A friend of mine has been living with me and mum, for the last few years (he was closer to his job, this way), and always contributed to the expenses. He can provide for me, for the time being - my mum was a bit like his mum too, for the last 5 years.
I see nothing worth living for, right now.
My dad abandoned me. My mum abandoned me.
I keep dreaming that they tell me it's all a huge mistake, and that mum is alive and well. I hug her in my dreams, and I say the same exact things I used to tell her in real life "Please, take care of your health, mum, please, I don't want to lose you. I can do only this much, but the rest is up to you."...
And then, I wake up, and reality hits me.
I have begged her multiple times.
To take some days off from work, to take care about herself... and she always blamed me.

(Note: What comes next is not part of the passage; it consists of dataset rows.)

(* Let $C$ be a circle in the plane, let $p,r$ be points on $C$, and let $q$ be a point in the open disk bounded by $C$. Suppose the ordered triple $(p,q,r)$ makes a clockwise (resp. counterclockwise) turn. Let $\gamma$ be a simple piecewise-linear path that starts at $p$, passes through $q$, ends at $r$, and meets $C$ only at $p$ and $r$. Then $\gamma$ has at least one clockwise (resp. counterclockwise) vertex, i.e. a vertex at which the path turns clockwise (resp. counterclockwise). *)

theory Defs
  imports "HOL-Analysis.Analysis"
begin

text \<open>Points of the plane are complex numbers. The orientation of an ordered
triple: positive = counterclockwise turn, negative = clockwise turn, zero = collinear.\<close>
definition orient :: "complex \<Rightarrow> complex \<Rightarrow> complex \<Rightarrow> real" where
  "orient a b c = Im (cnj (b - a) * (c - a))"

fun polypath :: "complex list \<Rightarrow> real \<Rightarrow> complex" where
  "polypath [] = linepath 0 0"
| "polypath [a] = linepath a a"
| "polypath [a, b] = linepath a b"
| "polypath (a # b # c # rest) = linepath a b +++ polypath (b # c # rest)"

end

theory Submission
  imports Defs "HOL-Complex_Analysis.Winding_Numbers"
begin

text \<open>
  After a similarity we may assume \<open>p = 0\<close>, \<open>r = 1\<close> and \<open>q\<close> above the real axis (clockwise case;
  complex conjugation gives the other). Suppose no vertex turns clockwise. Closing the path by a
  polygon \<open>1 \<rightarrow> corner_right \<rightarrow> corner_left \<rightarrow> 0\<close> that runs around the disc from below gives a simple
  closed polygon. Its topmost (then leftmost) vertex is an interior vertex of the path, where the turn
  is therefore strictly counterclockwise; crossing the edge leaving it shows that the loop winds once
  counterclockwise around some point. Crossing the horizontal bottom edge of the enclosure, which is
  traversed from right to left, shows that it winds once clockwise around another point. A simple closed
  curve cannot do both.
\<close>

section \<open>Polygonal paths\<close>

fun polyline_image :: "complex list \<Rightarrow> complex set" where
  "polyline_image (a # b # rest) = closed_segment a b \<union> polyline_image (b # rest)"
| "polyline_image _ = {}"

fun polyline_winding :: "complex list \<Rightarrow> complex \<Rightarrow> complex" where
  "polyline_winding (a # b # rest) z = winding_number (linepath a b) z + polyline_winding (b # rest) z"
| "polyline_winding _ z = 0"

lemma pathstart_polypath: "vs \<noteq> [] \<Longrightarrow> pathstart (polypath vs) = hd vs"
  by (induction vs rule: polypath.induct) auto

lemma path_polypath: "path (polypath vs)"
  by (induction vs rule: polypath.induct) (auto simp: pathstart_polypath path_const)

lemma pathfinish_polypath: "vs \<noteq> [] \<Longrightarrow> pathfinish (polypath vs) = last vs"
  by (induction vs rule: polypath.induct) auto

lemma path_image_polypath: "length vs \<ge> 2 \<Longrightarrow> path_image (polypath vs) = polyline_image vs"
proof (induction vs rule: polypath.induct)
  case (4 a b c rest)
  then show ?case by (simp add: path_image_join pathstart_polypath)
qed auto

lemma winding_number_polypath:
  "length vs \<ge> 2 \<Longrightarrow> z \<notin> polyline_image vs \<Longrightarrow> winding_number (polypath vs) z = polyline_winding vs z"
proof (induction vs rule: polypath.induct)
  case (4 a b c rest)
  then show ?case
    by (simp add: winding_number_join path_polypath pathstart_polypath path_image_polypath)
qed auto

lemma polyline_image_append:
  "polyline_image (xs @ a # ys) = polyline_image (xs @ [a]) \<union> polyline_image (a # ys)"
proof (induction xs)
  case (Cons x xs)
  then show ?case by (cases xs) auto
qed auto

lemma polyline_winding_append:
  "polyline_winding (xs @ a # ys) z = polyline_winding (xs @ [a]) z + polyline_winding (a # ys) z"
proof (induction xs)
  case (Cons x xs)
  then show ?case by (cases xs) auto
qed auto

lemma polyline_image_append_last:
  "xs \<noteq> [] \<Longrightarrow> polyline_image (xs @ ys) = polyline_image xs \<union> polyline_image (last xs # ys)"
  using polyline_image_append[of "butlast xs" "last xs" ys] append_butlast_last_id[of xs]
  by (metis append.assoc append_Cons append_Nil)

lemma polyline_winding_append_last:
  "xs \<noteq> [] \<Longrightarrow> polyline_winding (xs @ ys) z = polyline_winding xs z + polyline_winding (last xs # ys) z"
  using polyline_winding_append[of "butlast xs" "last xs" ys z] append_butlast_last_id[of xs]
  by (metis append.assoc append_Cons append_Nil)

lemma closed_polyline_image: "closed (polyline_image vs)"
  by (induction vs rule: polyline_image.induct) auto

lemma vertex_in_polyline_image: "length vs \<ge> 2 \<Longrightarrow> x \<in> set vs \<Longrightarrow> x \<in> polyline_image vs"
proof (induction vs rule: polyline_image.induct)
  case (1 a b rest)
  then show ?case by (cases rest) auto
qed auto

lemma polyline_image_subset_convex: "convex S \<Longrightarrow> set vs \<subseteq> S \<Longrightarrow> polyline_image vs \<subseteq> S"
  by (induction vs rule: polyline_image.induct) (auto dest: closed_segment_subset)

lemma polyline_winding_zero_outside:
  assumes "hd ws = last ws" "length ws \<ge> 2" "convex S" "set ws \<subseteq> S" "z \<notin> S"
  shows "z \<notin> polyline_image ws" "polyline_winding ws z = 0"
proof -
  have image: "path_image (polypath ws) \<subseteq> S"
    using assms(2-4) polyline_image_subset_convex path_image_polypath by metis
  then show "z \<notin> polyline_image ws" using assms(2,5) path_image_polypath by blast
  have "pathfinish (polypath ws) = pathstart (polypath ws)"
    using assms(1,2) pathstart_polypath[of ws] pathfinish_polypath[of ws] by force
  then have "winding_number (polypath ws) z = 0"
    using winding_number_zero_outside[OF path_polypath assms(3) _ assms(5) image] by blast
  then show "polyline_winding ws z = 0"
    using assms(2) \<open>z \<notin> polyline_image ws\<close> winding_number_polypath by metis
qed

lemma polypath_Cons: "ys \<noteq> [] \<Longrightarrow> polypath (x # y # ys) = linepath x y +++ polypath (y # ys)"
  by (cases ys) auto

lemma arc_polypath_Cons_iff:
  assumes "ys \<noteq> []"
  shows "arc (polypath (x # y # ys)) \<longleftrightarrow>
    arc (linepath x y) \<and> arc (polypath (y # ys)) \<and> closed_segment x y \<inter> polyline_image (y # ys) \<subseteq> {y}"
  using assms arc_join_eq[of "linepath x y" "polypath (y # ys)"]
  by (simp add: polypath_Cons pathstart_polypath path_image_polypath Suc_le_eq)

lemma arc_polypath_append:
  assumes "arc (polypath (xs @ a # ys))" "xs \<noteq> []" "ys \<noteq> []"
  shows "arc (polypath (xs @ [a])) \<and> arc (polypath (a # ys))
    \<and> polyline_image (xs @ [a]) \<inter> polyline_image (a # ys) \<subseteq> {a}"
  using assms(1,2)
proof (induction xs)
  case (Cons x xs)
  show ?case
  proof (cases xs)
    case Nil
    then show ?thesis using Cons.prems(1) arc_polypath_Cons_iff[OF assms(3)] by simp
  next
    case (Cons y xs')
    have whole: "arc (linepath x y)" "arc (polypath (y # xs' @ a # ys))"
      "closed_segment x y \<inter> polyline_image (y # xs' @ a # ys) \<subseteq> {y}"
      using \<open>arc (polypath ((x # xs) @ a # ys))\<close> arc_polypath_Cons_iff[of "xs' @ a # ys" x y]
      unfolding Cons by auto
    have IH: "arc (polypath (y # xs' @ [a])) \<and> arc (polypath (a # ys))
        \<and> polyline_image (y # xs' @ [a]) \<inter> polyline_image (a # ys) \<subseteq> {a}"
      using Cons.IH whole(2) unfolding Cons by simp
    have left: "polyline_image (y # xs' @ [a]) \<subseteq> polyline_image (y # xs' @ a # ys)"
      using polyline_image_append[of "y # xs'" a ys] by auto
    have y_left: "y \<in> polyline_image (y # xs' @ [a])"
      by (rule vertex_in_polyline_image) auto
    have "arc (polypath (x # y # xs' @ [a]))"
      using arc_polypath_Cons_iff[of "xs' @ [a]" x y] whole IH left by auto
    moreover have "closed_segment x y \<inter> polyline_image (a # ys) \<subseteq> {a}"
      using whole(3) IH y_left polyline_image_append[of "y # xs'" a ys] by auto
    ultimately show ?thesis using IH unfolding Cons by auto
  qed
qed simp

lemma arc_polypath_vertex:
  assumes "arc (polypath (xs @ [a, b, c] @ ys))"
  shows "a \<noteq> b" "b \<noteq> c" "closed_segment a b \<inter> closed_segment b c \<subseteq> {b}"
    "b \<notin> polyline_image (xs @ [a])" "b \<notin> polyline_image (c # ys)"
proof -
  have split: "arc (polypath ((xs @ [a]) @ [b])) \<and> arc (polypath (b # c # ys))
      \<and> polyline_image ((xs @ [a]) @ [b]) \<inter> polyline_image (b # c # ys) \<subseteq> {b}"
    by (rule arc_polypath_append) (use assms in auto)
  have "arc (linepath b c) \<and> b \<notin> polyline_image (c # ys)"
  proof (cases "ys = []")
    case False
    then have "arc (linepath b c)" "closed_segment b c \<inter> polyline_image (c # ys) \<subseteq> {c}"
      using split arc_polypath_Cons_iff[of ys b c] by auto
    then show ?thesis using arc_distinct_ends[of "linepath b c"] by auto
  qed (use split in simp)
  then show "b \<noteq> c" "b \<notin> polyline_image (c # ys)" using arc_distinct_ends by fastforce+
  have "arc (linepath a b) \<and> b \<notin> polyline_image (xs @ [a])"
  proof (cases "xs = []")
    case False
    then have "arc (polypath [a, b])" "polyline_image (xs @ [a]) \<inter> closed_segment a b \<subseteq> {a}"
      using arc_polypath_append[of xs a "[b]"] split by auto
    then show ?thesis using arc_distinct_ends[of "linepath a b"] by auto
  qed (use split in simp)
  then show "a \<noteq> b" "b \<notin> polyline_image (xs @ [a])" using arc_distinct_ends by fastforce+
  show "closed_segment a b \<inter> closed_segment b c \<subseteq> {b}"
    using split polyline_image_append[of xs a "[b]"] by auto
qed

lemma split_at_interior_index:
  assumes "0 < k" "k < length vs - 1"
  shows "vs = take (k - 1) vs @ [vs ! (k - 1), vs ! k, vs ! (k + 1)] @ drop (k + 2) vs"
proof -
  have "drop (k - 1) vs = vs ! (k - 1) # drop k vs"
    using Cons_nth_drop_Suc[of "k - 1" vs] assms by simp
  also have "drop k vs = vs ! k # vs ! (k + 1) # drop (k + 2) vs"
    using Cons_nth_drop_Suc[of k vs] Cons_nth_drop_Suc[of "Suc k" vs] assms by simp
  finally show ?thesis by (metis append_Cons append_Nil append_take_drop_id)
qed
lemma walk_shortens_to_path:
  assumes "is_walk V E w"
  shows "\<exists>q. is_path V E q \<and> hd q = hd w \<and> last q = last w \<and> set q \<subseteq> set w"
  using assms
proof (induction w rule: induct_list012)
  case (3 x y w)
  then obtain q where q: "is_path V E q" "hd q = y" "last q = last (y # w)" "set q \<subseteq> set (y # w)"
    by auto
  then have "q \<noteq> []" by (auto simp: is_path_def)
  show ?case
  proof (cases "x \<in> set q")
    case True
    then obtain q1 q2 where q12: "q = q1 @ x # q2" by (meson split_list)
    then have "is_path V E (x # q2)"
      using q(1) by (auto simp: is_path_def dest: is_walk_appendD)
    then show ?thesis using q q12 by (intro exI[of _ "x # q2"]) auto
  next
    case False
    then have "is_path V E (x # q)"
      using q 3(3) \<open>q \<noteq> []\<close> by (cases q) (auto simp: is_path_def)
    then show ?thesis using q \<open>q \<noteq> []\<close> by (intro exI[of _ "x # q"]) auto
  qed
next
  case (2 x)
  then show ?case by (intro exI[of _ "[x]"]) (simp add: is_path_def)
qed simp
lemma dsum_a_inv:
  assumes M: "module R M" and N: "module R N" and x: "x \<in> carrier (dsum M N)"
  shows "\<ominus>\<^bsub>dsum M N\<^esub> x = npair (\<ominus>\<^bsub>M\<^esub> nfst x) (\<ominus>\<^bsub>N\<^esub> nsnd x)"
proof -
  interpret M: module R M by (rule M)
  interpret N: module R N by (rule N)
  interpret D: module R "dsum M N" by (rule dsum_module[OF M N])
  show ?thesis
    by (rule D.minus_equality) (use x in \<open>auto simp: M.l_neg N.l_neg\<close>)
qed

definition nprod_set :: "nat set \<Rightarrow> nat set \<Rightarrow> nat set" where
  "nprod_set A B = {x. nfst x \<in> A \<and> nsnd x \<in> B}"

lemma npair_in_nprod_set [simp]: "npair a b \<in> nprod_set A B \<longleftrightarrow> a \<in> A \<and> b \<in> B"
  by (simp add: nprod_set_def)

lemma is_linear_zero:
  assumes V: "module (Fp p) V" and W: "module (Fp p) W" and f: "is_linear p V W f"
  shows "f \<zero>\<^bsub>V\<^esub> = \<zero>\<^bsub>W\<^esub>"
proof -
  interpret V: module "Fp p" V by (rule V)
  interpret W: module "Fp p" W by (rule W)
  have f0: "f \<zero>\<^bsub>V\<^esub> \<in> carrier W" using f unfolding is_linear_def by auto
  have "f \<zero>\<^bsub>V\<^esub> = f (\<zero>\<^bsub>V\<^esub> \<oplus>\<^bsub>V\<^esub> \<zero>\<^bsub>V\<^esub>)" by simp
  also have "\<dots> = f \<zero>\<^bsub>V\<^esub> \<oplus>\<^bsub>W\<^esub> f \<zero>\<^bsub>V\<^esub>"
    using f V.zero_closed unfolding is_linear_def by blast
  finally show ?thesis using W.add.l_cancel_one'[OF f0 f0] by simp
qed

context
  fixes p F aF assumes F: "is_vfunctor p F aF"
begin

interpretation M: module "Fp p" "F n" for n using F by (simp add: is_vfunctor_def)

lemma vfunctor_module: "module (Fp p) (F n)" ..

lemma vfunctor_act_closed: "A \<in> mor p m n \<Longrightarrow> x \<in> carrier (F n) \<Longrightarrow> aF m n A x \<in> carrier (F m)"
  using F by (simp add: is_vfunctor_def is_presheaf_def)

lemma vfunctor_act_zero: "A \<in> mor p m n \<Longrightarrow> aF m n A \<zero>\<^bsub>F n\<^esub> = \<zero>\<^bsub>F m\<^esub>"
  using F by (intro is_linear_zero[of p]) (simp_all add: is_vfunctor_def)
lemma pairing_mult_distr_self_le:
  fixes V :: "int \<Rightarrow> complex"
  assumes m: "m \<ge> 1" and sV: "(\<lambda>k. (cmod (V k) / bracket k ^ m)\<^sup>2) summable_on UNIV"
    and e: "\<epsilon> > 0"
  obtains C where "C \<ge> 0"
    and "\<And>u. hsummable m u \<Longrightarrow> cmod (pairing (mult_distr V u) u) \<le> \<epsilon> * dform m u + C * hnorm2 0 u"
proof -
  define K where "K = 2 * 2 ^ m * sqrt (\<Sum>\<^sub>\<infinity>k. (cmod (V k) / bracket k ^ m)\<^sup>2)"
  have K0: "K \<ge> 0" unfolding K_def by (simp add: infsum_nonneg)
  define \<delta> where "\<delta> = \<epsilon> / ((K + 1) * 4 ^ m)"
  have "\<delta> > 0" unfolding \<delta>_def using e K0 by simp
  then obtain C where C0: "C \<ge> 0" and C: "\<And>u. hsummable m u \<Longrightarrow>
      l1norm u * sqrt (hnorm2 m u) \<le> \<delta> * hnorm2 m u + C * hnorm2 0 u"
    using l1norm_mult_hnorm_le[OF m] by blast
  have K\<delta>: "K * \<delta> * 4 ^ m \<le> \<epsilon>"
  proof -
    have "K * \<delta> * 4 ^ m \<le> (K + 1) * \<delta> * 4 ^ m"
      using \<open>\<delta> > 0\<close> by (intro mult_right_mono) simp_all
    also have "\<dots> = \<epsilon>"
      unfolding \<delta>_def using K0 by (simp add: add_nonneg_eq_0_iff)
    finally show ?thesis .
  qed
  have bound: "cmod (pairing (mult_distr V u) u) \<le> \<epsilon> * dform m u + (\<epsilon> + K * C) * hnorm2 0 u"
    if su: "hsummable m u" for u
  proof -
    have "cmod (pairing (mult_distr V u) u) \<le> K * (l1norm u * sqrt (hnorm2 m u))"
      using pairing_mult_distr_bound(2)[OF m sV su su] unfolding K_def by (simp add: algebra_simps)
    also have "\<dots> \<le> K * (\<delta> * hnorm2 m u + C * hnorm2 0 u)"
      using C[OF su] K0 by (rule mult_left_mono)
    also have "\<dots> \<le> K * (\<delta> * (4 ^ m * (dform m u + hnorm2 0 u)) + C * hnorm2 0 u)"
      using hnorm2_le_dform[OF su] K0 \<open>\<delta> > 0\<close> by (intro mult_left_mono add_right_mono) simp_all
    also have "\<dots> = (K * \<delta> * 4 ^ m) * (dform m u + hnorm2 0 u) + K * C * hnorm2 0 u"
      by (simp add: algebra_simps)
    also have "\<dots> \<le> \<epsilon> * (dform m u + hnorm2 0 u) + K * C * hnorm2 0 u"
      using K\<delta> dform_nonneg hnorm2_nonneg by (intro add_right_mono mult_right_mono) (simp_all add: add_nonneg_nonneg)
    finally show ?thesis by (simp add: algebra_simps)
  qed
  show ?thesis by (rule that[OF _ bound]) (use e K0 C0 in simp)
qed

section \<open>Sectoriality and closedness\<close>

lemma form_t_self:
  "hsummable m u \<Longrightarrow> form_t m V u u = complex_of_real (dform m u) + pairing (mult_distr V u) u"
  unfolding form_t_def by (simp add: pairing_Dpow_self)

lemma Arg_abs_le_arctan:
  assumes pos: "Re z > 0" and le: "\<bar>Im z\<bar> \<le> M * Re z"
  shows "\<bar>Arg z\<bar> \<le> arctan M"
proof -
  have "\<bar>Im z\<bar> / Re z \<le> M"
    using le pos_divide_le_eq[OF pos] by simp
  then have "\<bar>Im z / Re z\<bar> \<le> M"
    using abs_div_pos[OF pos, of "Im z"] by simp
  then show ?thesis
    unfolding arg_conv_arctan[OF pos] abs_arctan by (rule arctan_monotone')
qed


lemma pointwise_limit_of_l2_limit:
  fixes us :: "nat \<Rightarrow> int \<Rightarrow> complex"
  assumes su: "\<And>k. hsummable 0 (us k - u)" and lim: "(\<lambda>k. hnorm2 0 (us k - u)) \<longlonglongrightarrow> 0"
  shows "(\<lambda>k. us k n) \<longlonglongrightarrow> u n"
proof -
  have "(\<lambda>k. us k n - u n) \<longlonglongrightarrow> 0"
  proof (rule Lim_null_comparison)
    show "\<forall>\<^sub>F k in sequentially. norm (us k n - u n) \<le> sqrt (hnorm2 0 (us k - u))"
      using norm_le_sqrt_hnorm2[OF su, where n = n] by simp
    show "(\<lambda>k. sqrt (hnorm2 0 (us k - u))) \<longlonglongrightarrow> 0"
      using tendsto_real_sqrt[OF lim] by simp
  qed
  then show ?thesis by (rule LIM_zero_cancel)
qed

lemma dform_le_of_pointwise_limit:
  fixes us :: "nat \<Rightarrow> int \<Rightarrow> complex"
  assumes lim: "\<And>n. (\<lambda>l. us l n) \<longlonglongrightarrow> u n" and sL: "hsummable 0 (w - u)"
    and bound: "\<And>l. l \<ge> N \<Longrightarrow> hsummable m (w - us l) \<and> dform m (w - us l) \<le> \<epsilon>"
  shows "hsummable m (w - u)" and "dform m (w - u) \<le> \<epsilon>"
proof -
  let ?g = "\<lambda>f n. (real_of_int n * pi) ^ (2 * m) * (cmod (f n))\<^sup>2"
  have "(\<lambda>l. ?g (w - us l) n) \<longlonglongrightarrow> ?g (w - u) n" for n
    unfolding minus_apply by (intro tendsto_intros lim)
  moreover have "\<forall>\<^sub>F l in sequentially. ?g (w - us l) summable_on UNIV \<and> (\<Sum>\<^sub>\<infinity>n. ?g (w - us l) n) \<le> \<epsilon>"
    using bound dform_summable unfolding dform_def eventually_sequentially by blast
  ultimately have "?g (w - u) summable_on UNIV" and le: "(\<Sum>\<^sub>\<infinity>n. ?g (w - u) n) \<le> \<epsilon>"
    using infsum_le_of_pointwise_limit[of "\<lambda>l. ?g (w - us l)" "?g (w - u)"] by (simp_all add: power_mult)
  then show "hsummable m (w - u)" using hsummable_of_dform(1)[OF _ sL] by simp
  show "dform m (w - u) \<le> \<epsilon>" using le unfolding dform_def .
qed

text \<open>From here on only the form bound with relative bound 1/2 is used, as in the KLMN theorem.\<close>

context
  fixes m :: nat and V :: "int \<Rightarrow> complex" and C :: real
  assumes C0: "C \<ge> 0"
    and bound: "\<And>u. hsummable m u \<Longrightarrow> cmod (pairing (mult_distr V u) u) \<le> 1 / 2 * dform m u + C * hnorm2 0 u"
begin

lemma dform_le_form_t:
  assumes su: "hsummable m u"
  shows "dform m u \<le> 2 * cmod (form_t m V u u) + 2 * C * hnorm2 0 u"
proof -
  have "dform m u - cmod (pairing (mult_distr V u) u) \<le> Re (form_t m V u u)"
    unfolding form_t_self[OF su] using abs_Re_le_cmod[of "pairing (mult_distr V u) u"] by simp
  also have "\<dots> \<le> cmod (form_t m V u u)" by (rule complex_Re_le_cmod)
  finally show ?thesis using bound[OF su] by linarith
qed

lemma form_t_le_dform:
  assumes su: "hsummable m u"
  shows "cmod (form_t m V u u) \<le> 3 / 2 * dform m u + C * hnorm2 0 u"
proof -
  have "cmod (form_t m V u u) \<le> cmod (complex_of_real (dform m u)) + cmod (pairing (mult_distr V u) u)"
    unfolding form_t_self[OF su] by (rule norm_triangle_ineq)
  then show ?thesis using bound[OF su] dform_nonneg[of m u] by simp
qed

lemma form_t_sectorial: "sectorial_form (sob P 0) (sob P (real m)) (form_t m V)"
proof -
  have arg_bound: "\<bar>Arg (form_t m V u u - complex_of_real (- (C + 1)))\<bar> \<le> arctan (max 1 C)"
    if u: "u \<in> sob P (real m)" and n1: "l2norm u = 1" for u
  proof -
    have su: "hsummable m u" using u unfolding sob_nat_iff by blast
    have h0: "hnorm2 0 u = 1" using n1 hnorm2_nonneg[of 0 u] unfolding l2norm_eq_sqrt_hnorm2 by simp
    define b where "b = pairing (mult_distr V u) u"
    have b: "cmod b \<le> dform m u / 2 + C" using bound[OF su] h0 unfolding b_def by simp
    define z where "z = form_t m V u u - complex_of_real (- (C + 1))"
    have z: "z = complex_of_real (dform m u + C + 1) + b"
      unfolding z_def b_def form_t_self[OF su] by simp
    have Re: "Re z \<ge> dform m u / 2 + 1" unfolding z using abs_Re_le_cmod[of b] b by simp
    have "\<bar>Im z\<bar> \<le> dform m u / 2 + C" unfolding z using abs_Im_le_cmod[of b] b by simp
    also have "\<dots> \<le> max 1 C * (dform m u / 2) + max 1 C"
      using mult_right_mono[of 1 "max 1 C" "dform m u / 2"] dform_nonneg[of m u] by simp
    also have "\<dots> = max 1 C * (dform m u / 2 + 1)"
      by (simp add: algebra_simps)
    also have "\<dots> \<le> max 1 C * Re z" using Re by (intro mult_left_mono) auto
    finally have "\<bar>Im z\<bar> \<le> max 1 C * Re z" .
    moreover have "Re z > 0" using Re dform_nonneg[of m u] by linarith
    ultimately show ?thesis unfolding z_def by (rule Arg_abs_le_arctan[rotated])
  qed
  show ?thesis
    unfolding sectorial_form_def
  proof (rule conjI[OF sob_nat_subset_sob_zero exI[of _ "- (C + 1)"]],
         rule exI[of _ "arctan (max 1 C)"], intro conjI ballI impI disjI2)
    show "0 \<le> arctan (max 1 C)" by simp
    show "arctan (max 1 C) < pi / 2" by (rule arctan_ubound)
  qed (rule arg_bound)
qed

lemma dform_cauchy_of_form_t_cauchy:
  fixes us :: "nat \<Rightarrow> int \<Rightarrow> complex"
  assumes us: "\<And>k. hsummable m (us k)" and su: "\<And>k. hsummable 0 (us k - u)"
    and lim: "(\<lambda>k. hnorm2 0 (us k - u)) \<longlonglongrightarrow> 0"
    and cauchy: "\<forall>\<epsilon>>0. \<exists>N. \<forall>k\<ge>N. \<forall>l\<ge>N. cmod (form_t m V (us k - us l) (us k - us l)) < \<epsilon>"
    and e: "\<epsilon> > 0"
  shows "\<exists>N. \<forall>k\<ge>N. \<forall>l\<ge>N. dform m (us k - us l) \<le> \<epsilon>"
proof -
  define r where "r = \<epsilon> / (16 * (C + 1))"
  have "r > 0" unfolding r_def using C0 e by simp
  obtain N1 where N1: "\<And>k l. k \<ge> N1 \<Longrightarrow> l \<ge> N1 \<Longrightarrow> cmod (form_t m V (us k - us l) (us k - us l)) < \<epsilon> / 4"
    using cauchy e by (meson zero_less_divide_iff zero_less_numeral)
  obtain N2 where N2: "\<And>k. k \<ge> N2 \<Longrightarrow> hnorm2 0 (us k - u) < r"
    using order_tendstoD(2)[OF lim \<open>r > 0\<close>] unfolding eventually_sequentially by blast
  have "dform m (us k - us l) \<le> \<epsilon>" if "k \<ge> max N1 N2" "l \<ge> max N1 N2" for k l
  proof -
    have "us k - us l = (us k - u) - (us l - u)" by (simp add: fun_eq_iff)
    then have "hnorm2 0 (us k - us l) \<le> 2 * hnorm2 0 (us k - u) + 2 * hnorm2 0 (us l - u)"
      using hsummable_diff(2)[OF su su] by metis
    also have "\<dots> \<le> 4 * r"
      using N2[of k] N2[of l] that by simp
    finally have "2 * C * hnorm2 0 (us k - us l) \<le> 2 * C * (4 * r)"
      using C0 by (intro mult_left_mono) simp_all
    also have "\<dots> \<le> \<epsilon> / 2"
      unfolding r_def using C0 e by (simp add: field_simps)
    moreover have "cmod (form_t m V (us k - us l) (us k - us l)) < \<epsilon> / 4"
      using N1[of k l] that by simp
    ultimately show ?thesis
      using dform_le_form_t[OF hsummable_diff(1)[OF us[of k] us[of l]]] by linarith
  qed
  then show ?thesis by blast
qed

lemma dform_limit_of_form_t_cauchy:
  fixes us :: "nat \<Rightarrow> int \<Rightarrow> complex"
  assumes us: "\<And>k. hsummable m (us k)" and su: "\<And>k. hsummable 0 (us k - u)"
    and lim: "(\<lambda>k. hnorm2 0 (us k - u)) \<longlonglongrightarrow> 0"
    and cauchy: "\<forall>\<epsilon>>0. \<exists>N. \<forall>k\<ge>N. \<forall>l\<ge>N. cmod (form_t m V (us k - us l) (us k - us l)) < \<epsilon>"
    and e: "\<epsilon> > 0"
  shows "\<exists>N. \<forall>k\<ge>N. hsummable m (us k - u) \<and> dform m (us k - u) \<le> \<epsilon>"
proof -
  obtain N where N: "\<And>k l. k \<ge> N \<Longrightarrow> l \<ge> N \<Longrightarrow> dform m (us k - us l) \<le> \<epsilon>"
    using dform_cauchy_of_form_t_cauchy[OF us su lim cauchy e] by blast
  have "hsummable m (us k - u) \<and> dform m (us k - u) \<le> \<epsilon>" if "k \<ge> N" for k
    using dform_le_of_pointwise_limit[OF pointwise_limit_of_l2_limit[OF su lim] su[of k], where N = N and \<epsilon> = \<epsilon>]
      N[OF that] hsummable_diff(1)[OF us us] by blast
  then show ?thesis by blast
qed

"If only you had your university degree, I could slow down.", or "If only you helped me more..."
And so I tried my best.
My university studies were going good again, after 3 years of almost nothing. I cleaned the housed and cooked all by myself, even if she never ate any of my food.
She didn't even want to try it.
And now I feel guilty.
If only I had checked more often on her that night, too.
If only I hadn't felt depressed for 5 years, and had completed university.
If only, if only...
My life has lost all meaning now.
And what I'm scared about, is that it will get worse day by day. I have resisted many, many losses already in my life. More than you can imagine. And this is just the final blow.
I don't want to miss her anymore than I'm already doing.
I hardly ever eat, I can't sleep more than 4 hours, and am I just... the shadow of the positive, energetic girl that I was.
I just want this to end.
Will luck ever turn my way?
I am only 25.
And I have already endured what most people will endure in a whole lifetime - my grandparents died, my father, my mother, who was only 64. My family robbing me. My best friend disappearing.
I can't just take any more pain.
I just can't.
Thanks for reading, and good luck to everyone.